It was a Sugar Bowl that would have far-reaching ramifications since the Terps' appearance led to the formation of the Atlantic Coast Conference.

Maryland was suspended by the Southern Conference in 1952 because Byrd had defied the league's ban on playing in bowl games by accepting a bid to the Sugar Bowl. That prompted Maryland to play an independent schedule in 1952 that included five Southeast Conference schools.

Then, in 1953, Tatum and his close friend, South Carolina football coach Rex Enright, joined forces to lead a drive that would result in the birth of a seven-team ACC. The schools were Maryland, South Carolina, North Carolina, Wake Forest, North Carolina State, Duke and Clemson.

Ward was the only first-team All-American on the 1951 Maryland team, being a consensus selection after he was a first-team All-American choice in 1950.

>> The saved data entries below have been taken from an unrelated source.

text \<open>State index: Inl i = delta_i, Inr (Inl i) = omega_i, Inr (Inr i) = V_i.
  Input index: Inl i = first block of w, Inr i = second block. Output index likewise.\<close>
definition sysA :: "real \<Rightarrow> real \<Rightarrow> real \<Rightarrow> real \<Rightarrow> real \<Rightarrow> real^'n::finite^'n
    \<Rightarrow> real^('n + 'n + 'n)^('n + 'n + 'n)" where
  "sysA kP tauP kQ tauQ cQ L = (\<chi> r c.
     (case r of
        Inl i \<Rightarrow> (case c of Inr (Inl j) \<Rightarrow> (if i = j then 1 else 0) | _ \<Rightarrow> 0)
      | Inr (Inl i) \<Rightarrow> (case c of
            Inl j \<Rightarrow> - (kP / tauP) * L $ i $ j
          | Inr (Inl j) \<Rightarrow> (if i = j then - (1 / tauP) else 0)
          | Inr (Inr j) \<Rightarrow> 0)
      | Inr (Inr i) \<Rightarrow> (case c of
            Inr (Inr j) \<Rightarrow> (if i = j then - (cQ / tauQ) else 0) - (kQ / tauQ) * L $ i $ j
          | _ \<Rightarrow> 0)))"

definition sysB :: "real \<Rightarrow> real \<Rightarrow> real^('n::finite + 'n)^('n + 'n + 'n)" where
  "sysB tauP tauQ = (\<chi> r c.
     (case (r, c) of
        (Inr (Inl i), Inl j) \<Rightarrow> (if i = j then 1 / tauP else 0)
      | (Inr (Inr i), Inr j) \<Rightarrow> (if i = j then 1 / tauQ else 0)
      | _ \<Rightarrow> 0))"

definition sysC :: "real \<Rightarrow> real^'n::finite^'n \<Rightarrow> real^('n + 'n + 'n)^('n + 'n)" where
  "sysC alpha S = (\<chi> r c.
     (case (r, c) of
        (Inl i, Inl j) \<Rightarrow> sqrt alpha * S $ i $ j
      | (Inr i, Inr (Inr j)) \<Rightarrow> sqrt alpha * S $ i $ j
      | _ \<Rightarrow> 0))"

end

theory Submission
  imports Defs
begin

text \<open>If a symmetric \<open>P \<succeq> 0\<close> satisfies \<open>A\<^sup>T P + P A + C\<^sup>T C \<preceq> 0\<close>, then
  \<open>x \<bullet> P x\<close> decreases at least at rate \<open>|C x|\<^sup>2\<close> along \<open>x = e\<^sup>t\<^sup>A v\<close>, hence
  \<open>\<parallel>H\<parallel>\<^sub>2\<^sup>2 \<le> tr (B\<^sup>T P B)\<close>. With \<open>\<Pi> = I - 1 1\<^sup>T / N\<close> we take \<open>P\<close> block diagonal,
  \<open>bP [kP L + \<Pi> / \<tau>P, \<Pi>; \<Pi>, \<tau>P \<Pi>]\<close> on \<open>(\<delta>, \<omega>)\<close> and \<open>bQ (pQ \<Pi> + qQ L)\<close> on \<open>V\<close>.
  On \<open>(\<delta>, \<omega>)\<close> the Lyapunov inequality is an equality and the trace term is
  \<open>\<alpha> (N - 1) / (2 kP)\<close>. On \<open>V\<close> the weights \<open>pQ, qQ\<close> are chosen so that the residual is a
  negative multiple of \<open>(L - \<mu> \<Pi>)\<^sup>2\<close> with \<open>\<mu> = tr L / (N - 1)\<close>, and the trace term is
  \<open>\<alpha> (N - 1) / (2 \<tau>Q (cQ / \<mu> + kQ))\<close>. For a line graph \<open>tr L = 2 \<Sigma> b\<^sub>i\<^sub>,\<^sub>i\<^sub>+\<^sub>1\<close>,
  so \<open>\<mu>\<close> is twice the mean susceptance. The output matrix involves \<open>L\<^sup>1\<^sup>/\<^sup>2\<close>, which is
  pinned down by the spectral theorem for symmetric matrices.\<close>

section \<open>Spectral theorem and positive semidefinite square roots\<close>

lemma linear_coeff_eq_0_if_quadratic_nonneg:
  fixes a c :: real
  assumes nonneg: "\<And>t. 0 \<le> a * t + c * t\<^sup>2"
  shows "a = 0"
proof (rule ccontr)
  assume "a \<noteq> 0"
  define t where "t = - a / (\<bar>c\<bar> + 1)"
  have d: "\<bar>c\<bar> + 1 > 0" by simp
  have "t\<^sup>2 > 0" using \<open>a \<noteq> 0\<close> by (simp add: t_def)
  have "c * t\<^sup>2 \<le> \<bar>c\<bar> * t\<^sup>2" by (simp add: mult_right_mono)
  also have "\<dots> < (\<bar>c\<bar> + 1) * t\<^sup>2" using \<open>t\<^sup>2 > 0\<close> by simp
  also have "\<dots> = - a * t" using d unfolding t_def power2_eq_square by (simp add: divide_simps del: abs_mult_self_eq)
  finally show False using nonneg[of t] by linarith
qed

lemma symmetric_matrix_inner:
  fixes A :: "real^'n^'n"
  assumes "transpose A = A"
  shows "u \<bullet> (A *v w) = (A *v u) \<bullet> w"
  by (metis assms dot_lmul_matrix inner_commute transpose_matrix_vector)

text \<open>A maximiser \<open>u\<close> of the Rayleigh quotient on the unit sphere of \<open>V\<close> is an eigenvector:
  otherwise moving from \<open>u\<close> towards \<open>l u - A u\<close> would increase the quotient.\<close>
lemma symmetric_matrix_eigenvector_in_invariant_subspace:
  fixes A :: "real^'n^'n"
  assumes sym: "transpose A = A" and V: "subspace V" "V \<noteq> {0}"
    and inv: "\<And>x. x \<in> V \<Longrightarrow> A *v x \<in> V"
  obtains u where "u \<in> V" "norm u = 1" "A *v u = (u \<bullet> (A *v u)) *\<^sub>R u"
proof -
  let ?S = "V \<inter> sphere 0 1"
  obtain x where x: "x \<in> V" "x \<noteq> 0" using V subspace_0 by blast
  then have "(1 / norm x) *\<^sub>R x \<in> ?S" using V by (simp add: subspace_scale)
  moreover have "compact ?S" by (intro closed_Int_compact closed_subspace V compact_sphere)
  moreover have "continuous_on ?S (\<lambda>z. z \<bullet> (A *v z))"
    by (intro continuous_intros linear_continuous_on matrix_vector_mul_bounded_linear)
  ultimately obtain u where u: "u \<in> V" "norm u = 1"
    and umax: "\<And>y. y \<in> ?S \<Longrightarrow> y \<bullet> (A *v y) \<le> u \<bullet> (A *v u)"
    using continuous_attains_sup[of ?S] by (metis (no_types, lifting) IntD1 IntD2 empty_iff mem_sphere_0)
  define l where "l = u \<bullet> (A *v u)"
  have rayleigh: "z \<bullet> (A *v z) \<le> l * (norm z)\<^sup>2" if "z \<in> V" for z
  proof (cases "z = 0")
    case False
    then have "(1 / norm z) *\<^sub>R z \<in> ?S" using that V by (simp add: subspace_scale)
    then have "(1 / norm z)\<^sup>2 * (z \<bullet> (A *v z)) \<le> l"
      using umax unfolding l_def by (fastforce simp: matrix_vector_mult_scaleR power2_eq_square)
    then show ?thesis using False by (simp add: field_simps)
  qed simp
  define w where "w = l *\<^sub>R u - A *v u"
  have w: "w \<in> V" unfolding w_def using u inv V by (simp add: subspace_diff subspace_scale)
  have uu: "u \<bullet> u = 1" using u by (simp add: dot_square_norm)
  have wAu: "w \<bullet> (A *v u) = l * (u \<bullet> w) - w \<bullet> w"
    unfolding w_def by (simp add: inner_diff_left l_def inner_commute)
  have "0 \<le> 2 * (w \<bullet> w) * t + (l * (w \<bullet> w) - w \<bullet> (A *v w)) * t\<^sup>2" for t
  proof -
    have "u + t *\<^sub>R w \<in> V" using u w V by (simp add: subspace_add subspace_scale)
    from rayleigh[OF this] show ?thesis
      using symmetric_matrix_inner[OF sym, of u w] uu wAu
      unfolding power2_norm_eq_inner
      by (simp add: matrix_vector_right_distrib matrix_vector_mult_scaleR
          inner_add_left inner_add_right l_def inner_commute power2_eq_square algebra_simps)
  qed
  then have "w = 0" using linear_coeff_eq_0_if_quadratic_nonneg by fastforce
  then show ?thesis using that u unfolding w_def l_def by simp
qed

The Modzelewski brothers were second-team All-American picks in 1951. Of course, the voting was done before the Sugar Bowl.

"Little Mo" was a consensus first-team All-American and Outland Trophy winner as the top lineman in the country the next year.

The NFL drafted 12 seniors from the 1951 team, with "Big Mo" being the only first-round pick. Cianelli (sixth round) and Ward (24th round) went to Texas, and Shemonski (30th round) to Chicago.

Three underclassmen on that 1951 team would later be first-round picks. They were quarterbacks Scarbath and Bernie Faloney and fullback Dick Bielski.

"Little Mo" and Chet "The Jet" Hanulak would go on to be second-round selections in 1953 and 1954, respectively.

After Ed Modzelewski was drafted in the first round by the Steelers, he played for the hometown team for two seasons before being traded to Cleveland.

The Browns would later draft Jim Brown, and "Big Mo's" pro career ended after five injury-marred seasons. He then opened a steakhouse in Cleveland and now spends three months a year there and the rest of the time in Arizona.

Dick Modzelewski now lives in New Bern, N.C., where the fishing is good. He played 14 years in the NFL for Washington and the New York Giants.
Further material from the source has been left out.